■ Data extracts
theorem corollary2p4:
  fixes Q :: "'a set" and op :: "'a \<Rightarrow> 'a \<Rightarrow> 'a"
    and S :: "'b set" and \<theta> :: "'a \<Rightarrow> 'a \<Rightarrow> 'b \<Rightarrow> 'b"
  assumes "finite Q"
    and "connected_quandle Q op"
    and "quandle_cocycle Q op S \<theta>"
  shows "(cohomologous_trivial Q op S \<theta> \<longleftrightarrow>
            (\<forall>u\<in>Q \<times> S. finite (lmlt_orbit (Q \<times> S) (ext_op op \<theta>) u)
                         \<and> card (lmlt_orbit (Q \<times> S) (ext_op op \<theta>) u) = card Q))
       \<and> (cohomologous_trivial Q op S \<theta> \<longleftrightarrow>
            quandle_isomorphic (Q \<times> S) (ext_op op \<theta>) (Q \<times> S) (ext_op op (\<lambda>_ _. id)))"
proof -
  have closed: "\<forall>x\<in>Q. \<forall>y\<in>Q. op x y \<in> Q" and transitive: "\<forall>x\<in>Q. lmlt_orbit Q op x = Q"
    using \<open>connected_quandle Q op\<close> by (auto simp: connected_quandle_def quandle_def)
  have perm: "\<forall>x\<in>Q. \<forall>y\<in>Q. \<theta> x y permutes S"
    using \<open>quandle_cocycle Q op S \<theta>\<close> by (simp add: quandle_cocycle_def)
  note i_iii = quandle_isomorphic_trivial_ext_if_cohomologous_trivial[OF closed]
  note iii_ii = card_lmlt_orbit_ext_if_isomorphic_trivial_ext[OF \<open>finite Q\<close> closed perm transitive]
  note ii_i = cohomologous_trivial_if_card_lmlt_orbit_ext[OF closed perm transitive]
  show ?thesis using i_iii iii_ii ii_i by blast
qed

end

--

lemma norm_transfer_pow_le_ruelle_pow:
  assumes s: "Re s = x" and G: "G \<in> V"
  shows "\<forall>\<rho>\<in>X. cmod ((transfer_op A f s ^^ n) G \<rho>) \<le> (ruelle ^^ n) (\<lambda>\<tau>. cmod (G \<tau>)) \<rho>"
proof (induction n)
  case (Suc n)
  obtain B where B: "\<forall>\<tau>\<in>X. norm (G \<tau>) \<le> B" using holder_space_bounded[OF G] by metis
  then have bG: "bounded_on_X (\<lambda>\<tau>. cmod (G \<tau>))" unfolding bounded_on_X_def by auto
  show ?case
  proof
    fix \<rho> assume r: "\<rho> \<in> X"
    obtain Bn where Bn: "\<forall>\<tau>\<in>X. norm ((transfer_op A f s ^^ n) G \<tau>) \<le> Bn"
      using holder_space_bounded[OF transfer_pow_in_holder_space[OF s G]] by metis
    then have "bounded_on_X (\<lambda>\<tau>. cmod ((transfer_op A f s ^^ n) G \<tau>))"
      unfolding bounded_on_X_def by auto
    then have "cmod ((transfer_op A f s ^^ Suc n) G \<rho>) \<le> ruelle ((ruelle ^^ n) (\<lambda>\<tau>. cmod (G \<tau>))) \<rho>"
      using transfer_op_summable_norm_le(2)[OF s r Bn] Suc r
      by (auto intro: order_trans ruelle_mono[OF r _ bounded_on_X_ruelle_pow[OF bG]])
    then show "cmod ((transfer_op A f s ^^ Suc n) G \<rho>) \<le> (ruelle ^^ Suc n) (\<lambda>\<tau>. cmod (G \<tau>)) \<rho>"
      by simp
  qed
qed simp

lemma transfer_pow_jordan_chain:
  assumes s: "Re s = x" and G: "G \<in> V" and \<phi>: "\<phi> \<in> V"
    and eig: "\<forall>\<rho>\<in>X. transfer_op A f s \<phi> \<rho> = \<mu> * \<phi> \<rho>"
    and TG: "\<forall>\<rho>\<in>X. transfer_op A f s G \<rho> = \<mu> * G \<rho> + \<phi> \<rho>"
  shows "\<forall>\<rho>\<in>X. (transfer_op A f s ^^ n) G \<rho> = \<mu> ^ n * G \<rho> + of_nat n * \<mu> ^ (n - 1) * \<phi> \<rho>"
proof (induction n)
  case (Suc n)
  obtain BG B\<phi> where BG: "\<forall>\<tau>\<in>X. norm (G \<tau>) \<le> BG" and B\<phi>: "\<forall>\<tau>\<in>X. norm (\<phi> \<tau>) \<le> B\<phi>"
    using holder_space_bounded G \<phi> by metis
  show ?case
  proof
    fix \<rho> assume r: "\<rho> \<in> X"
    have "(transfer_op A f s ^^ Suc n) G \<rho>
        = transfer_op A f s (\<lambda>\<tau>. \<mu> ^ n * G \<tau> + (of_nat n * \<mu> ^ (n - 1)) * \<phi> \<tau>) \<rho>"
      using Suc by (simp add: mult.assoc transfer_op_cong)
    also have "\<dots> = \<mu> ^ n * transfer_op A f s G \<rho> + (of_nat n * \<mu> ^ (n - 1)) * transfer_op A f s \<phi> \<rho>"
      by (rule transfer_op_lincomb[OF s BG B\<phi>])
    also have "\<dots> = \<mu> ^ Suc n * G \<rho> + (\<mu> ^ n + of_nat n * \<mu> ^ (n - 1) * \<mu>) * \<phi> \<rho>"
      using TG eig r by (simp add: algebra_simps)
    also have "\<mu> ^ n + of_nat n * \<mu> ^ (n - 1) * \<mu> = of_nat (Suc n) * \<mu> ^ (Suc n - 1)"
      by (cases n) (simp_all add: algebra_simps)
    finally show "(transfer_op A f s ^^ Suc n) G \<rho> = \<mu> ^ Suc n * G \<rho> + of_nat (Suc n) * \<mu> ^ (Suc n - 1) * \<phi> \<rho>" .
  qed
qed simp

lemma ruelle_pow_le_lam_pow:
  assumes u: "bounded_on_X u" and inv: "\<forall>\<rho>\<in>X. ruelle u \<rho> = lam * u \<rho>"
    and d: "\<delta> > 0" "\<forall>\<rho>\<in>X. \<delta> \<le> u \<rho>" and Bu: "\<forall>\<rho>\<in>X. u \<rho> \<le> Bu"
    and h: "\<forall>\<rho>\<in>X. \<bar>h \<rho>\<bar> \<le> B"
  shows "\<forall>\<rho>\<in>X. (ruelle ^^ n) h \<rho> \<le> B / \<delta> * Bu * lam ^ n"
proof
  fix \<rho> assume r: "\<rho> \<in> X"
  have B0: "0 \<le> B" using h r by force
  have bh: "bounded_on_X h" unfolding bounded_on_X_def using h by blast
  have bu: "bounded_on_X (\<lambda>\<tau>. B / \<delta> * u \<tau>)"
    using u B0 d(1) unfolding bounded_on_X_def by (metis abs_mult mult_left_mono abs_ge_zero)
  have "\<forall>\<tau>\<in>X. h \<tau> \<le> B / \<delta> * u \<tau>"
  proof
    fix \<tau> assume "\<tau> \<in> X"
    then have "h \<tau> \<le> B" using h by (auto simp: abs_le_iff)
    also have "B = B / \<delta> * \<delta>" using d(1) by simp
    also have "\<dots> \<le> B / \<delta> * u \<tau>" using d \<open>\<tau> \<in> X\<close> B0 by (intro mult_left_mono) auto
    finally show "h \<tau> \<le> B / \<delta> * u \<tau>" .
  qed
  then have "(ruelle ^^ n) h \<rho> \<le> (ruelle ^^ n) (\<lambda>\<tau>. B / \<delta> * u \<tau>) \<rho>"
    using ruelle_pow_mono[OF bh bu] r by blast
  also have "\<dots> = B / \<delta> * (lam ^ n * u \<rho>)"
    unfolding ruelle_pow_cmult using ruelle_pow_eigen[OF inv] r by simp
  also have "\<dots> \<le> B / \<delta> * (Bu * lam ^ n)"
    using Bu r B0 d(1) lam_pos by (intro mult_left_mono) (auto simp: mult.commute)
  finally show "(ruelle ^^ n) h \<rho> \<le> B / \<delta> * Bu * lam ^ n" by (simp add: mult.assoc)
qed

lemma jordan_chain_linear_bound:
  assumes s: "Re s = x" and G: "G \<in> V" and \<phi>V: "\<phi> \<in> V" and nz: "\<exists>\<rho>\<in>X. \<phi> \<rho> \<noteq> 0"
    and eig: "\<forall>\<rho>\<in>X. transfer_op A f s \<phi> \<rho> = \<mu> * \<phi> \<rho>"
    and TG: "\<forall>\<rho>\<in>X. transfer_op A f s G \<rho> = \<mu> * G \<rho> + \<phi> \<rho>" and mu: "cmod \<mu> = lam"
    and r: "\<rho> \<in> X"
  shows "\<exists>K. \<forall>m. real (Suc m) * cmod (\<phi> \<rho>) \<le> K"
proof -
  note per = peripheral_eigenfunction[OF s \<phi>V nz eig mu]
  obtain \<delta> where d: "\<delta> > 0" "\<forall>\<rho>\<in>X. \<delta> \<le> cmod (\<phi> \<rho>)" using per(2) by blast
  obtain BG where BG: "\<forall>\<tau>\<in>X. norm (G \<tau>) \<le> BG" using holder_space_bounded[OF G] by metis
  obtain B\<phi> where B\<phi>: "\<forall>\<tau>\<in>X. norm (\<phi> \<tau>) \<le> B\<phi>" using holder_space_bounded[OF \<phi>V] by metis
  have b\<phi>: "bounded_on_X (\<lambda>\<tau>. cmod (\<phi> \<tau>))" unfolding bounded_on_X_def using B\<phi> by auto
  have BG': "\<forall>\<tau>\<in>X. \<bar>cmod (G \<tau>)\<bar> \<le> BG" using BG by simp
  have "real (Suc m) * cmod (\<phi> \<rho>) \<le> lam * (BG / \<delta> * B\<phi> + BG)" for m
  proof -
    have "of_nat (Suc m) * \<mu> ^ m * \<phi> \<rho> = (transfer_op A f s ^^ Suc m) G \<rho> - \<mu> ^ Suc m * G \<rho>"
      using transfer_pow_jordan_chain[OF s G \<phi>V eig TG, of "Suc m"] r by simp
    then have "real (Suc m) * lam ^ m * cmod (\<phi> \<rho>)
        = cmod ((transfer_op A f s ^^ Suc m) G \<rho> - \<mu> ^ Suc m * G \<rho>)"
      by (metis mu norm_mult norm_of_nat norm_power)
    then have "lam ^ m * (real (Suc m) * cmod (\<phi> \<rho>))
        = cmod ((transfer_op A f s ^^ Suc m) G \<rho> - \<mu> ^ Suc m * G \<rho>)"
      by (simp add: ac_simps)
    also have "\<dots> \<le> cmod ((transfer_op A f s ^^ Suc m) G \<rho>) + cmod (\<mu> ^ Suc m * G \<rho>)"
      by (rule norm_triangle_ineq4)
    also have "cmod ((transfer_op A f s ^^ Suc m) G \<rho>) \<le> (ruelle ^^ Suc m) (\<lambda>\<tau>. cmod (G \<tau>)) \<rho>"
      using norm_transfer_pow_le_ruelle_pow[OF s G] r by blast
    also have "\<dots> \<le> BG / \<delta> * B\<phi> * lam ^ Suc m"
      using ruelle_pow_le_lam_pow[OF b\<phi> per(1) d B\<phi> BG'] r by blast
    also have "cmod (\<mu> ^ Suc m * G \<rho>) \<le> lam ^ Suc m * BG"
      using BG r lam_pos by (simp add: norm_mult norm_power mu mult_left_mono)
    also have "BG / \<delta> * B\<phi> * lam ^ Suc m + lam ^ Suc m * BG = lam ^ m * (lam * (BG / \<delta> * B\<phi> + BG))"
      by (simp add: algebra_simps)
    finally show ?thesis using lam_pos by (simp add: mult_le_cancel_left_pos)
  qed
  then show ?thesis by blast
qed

■ Task statement
Find the word "unfolding" in the listing and copy each line that contains it.

■ Task output
  then have bG: "bounded_on_X (\<lambda>\<tau>. cmod (G \<tau>))" unfolding bounded_on_X_def by auto
      unfolding bounded_on_X_def by auto
  have bh: "bounded_on_X h" unfolding bounded_on_X_def using h by blast
    using u B0 d(1) unfolding bounded_on_X_def by (metis abs_mult mult_left_mono abs_ge_zero)
    unfolding ruelle_pow_cmult using ruelle_pow_eigen[OF inv] r by simp
  have b\<phi>: "bounded_on_X (\<lambda>\<tau>. cmod (\<phi> \<tau>))" unfolding bounded_on_X_def using B\<phi> by auto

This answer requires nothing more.